Powell Acting On The Policy He Worried About
The next quote is interesting because he’s questioning how the unwind will be a success and now he’s in change of doing that exact policy. He’ll have to make a quick switch from saying the Fed has nothing under control to saying everything is in control. At that same meeting Powell said the following:
“When it is time for us to sell, or even to stop buying, the response could be quite strong; there is every reason to expect a strong response. It just seems to me that we seem to be way too confident that exit can be managed smoothly. Markets can be much more dynamic than we appear to think. When you turn and say to the market, “I’ve got $1.2 trillion of these things,” it’s not just $20 billion a month— it’s the sight of the whole thing coming. And I think there is a pretty good chance that you could have quite a dynamic response in the market.”

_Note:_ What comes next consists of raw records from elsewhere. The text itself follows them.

lemma differentiable_upto_add:
  "differentiable_upto V n f \<Longrightarrow> differentiable_upto V n g \<Longrightarrow>
    differentiable_upto V n (\<lambda>y. f y + g y)"
proof (induction n arbitrary: f g)
  case 0
  then show ?case
    using differentiable_upto_imp_differentiable_on
    by (simp add: differentiable_upto_def differentiable_on_add)
next
  case (Suc n)
  show ?case
  proof (rule differentiable_upto_SucI)
    show "(\<lambda>y. f y + g y) differentiable_on V"
      using Suc.prems by (intro differentiable_on_add differentiable_upto_imp_differentiable_on)
    fix k
    have "differentiable_upto V n (\<lambda>y. pd k f y + pd k g y)"
      using Suc by (simp add: differentiable_upto_pd)
    moreover have "pd k f y + pd k g y = pd k (\<lambda>y. f y + g y) y" if "y \<in> V" for y
      using differentiable_upto_differentiable_at[OF Suc.prems(1) \<open>open V\<close> _ that, of "[]"]
        differentiable_upto_differentiable_at[OF Suc.prems(2) \<open>open V\<close> _ that, of "[]"]
      by (simp add: pd_add)
    ultimately show "differentiable_upto V n (pd k (\<lambda>y. f y + g y))"
      by (rule differentiable_upto_cong[OF \<open>open V\<close>, rotated])
  qed
qed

The best response to Powell’s statement is so far, so good. The chart above shows the Fed’s balance sheet since the statement in October 2012.
The Fed successfully stopped buying treasuries and mortgage backed securities. Since the Fed stopped its QE, there was massive buying by the ECB. We’ll see in 2018 and 2019 when the ECB tapers its program if the ECB masked the Fed’s end of QE or if the markets were able to absorb the shock without risk to financial conditions, the economy, and the stock market. As you can see from the chart below, the Fed has barely shrunk the size of the balance sheet 2 months into the policy.
The Fed accelerated the speed of the unwind to $20 billion per month starting in January just as the ECB lowered its bond buying from €60 billion per month to €30 billion per month. Even with this unwind and tapering, the S&P 500 started the year with 6 straight records. It looks like the risks Powell worried about haven’t come true, yet.
The Fed Encourages Risk?!?
The final quote is what stirs those who are worried about the ramifications of low interest rates and QE. Powell says,
“I think we are actually at a point of encouraging risk-taking, and that should give us pause. Investors really do understand now that we will be there to prevent serious losses. It is not that it is easy for them to make money but that they have every incentive to take more risk, and they are doing so. Meanwhile, we look like we are blowing a fixed-income duration bubble right across the credit spectrum that will result in big losses when rates come up down the road. You can almost say that that is our strategy.”
The S&P 500 has had a record streak without a 3% selloff and has had a record streak of positive total monthly returns (14). This makes some investors worry if there’s an endless put in the market created by the Fed which eliminates selloffs. The reason this is worrisome is because the more unhinged valuations become, the further stocks can fall. It’s easy to see a Fed chair like Powell pulling the plug on the idea that the Fed will help the stock market if anything goes wrong. That’s far from the ideal scenario for investors with heavy portfolio weightings in equities who’ve relied on the Fed to protect them until now.
On the bright side, Powell’s worry that ending the QE program would cause problems was unfounded as there hasn’t been any systemic risk as stocks have rallied and the economy is fine. The unwind is going well, but we’re only in the 1st or 2nd inning of it. The fact that Powell is afraid the market is being supported by the Fed is very worrisome because he might try to go out of his way to prick the bubble if stocks have a great 2018. There aren’t any great solutions to stopping bubbles; the best policy is to avoid creating them in the first place.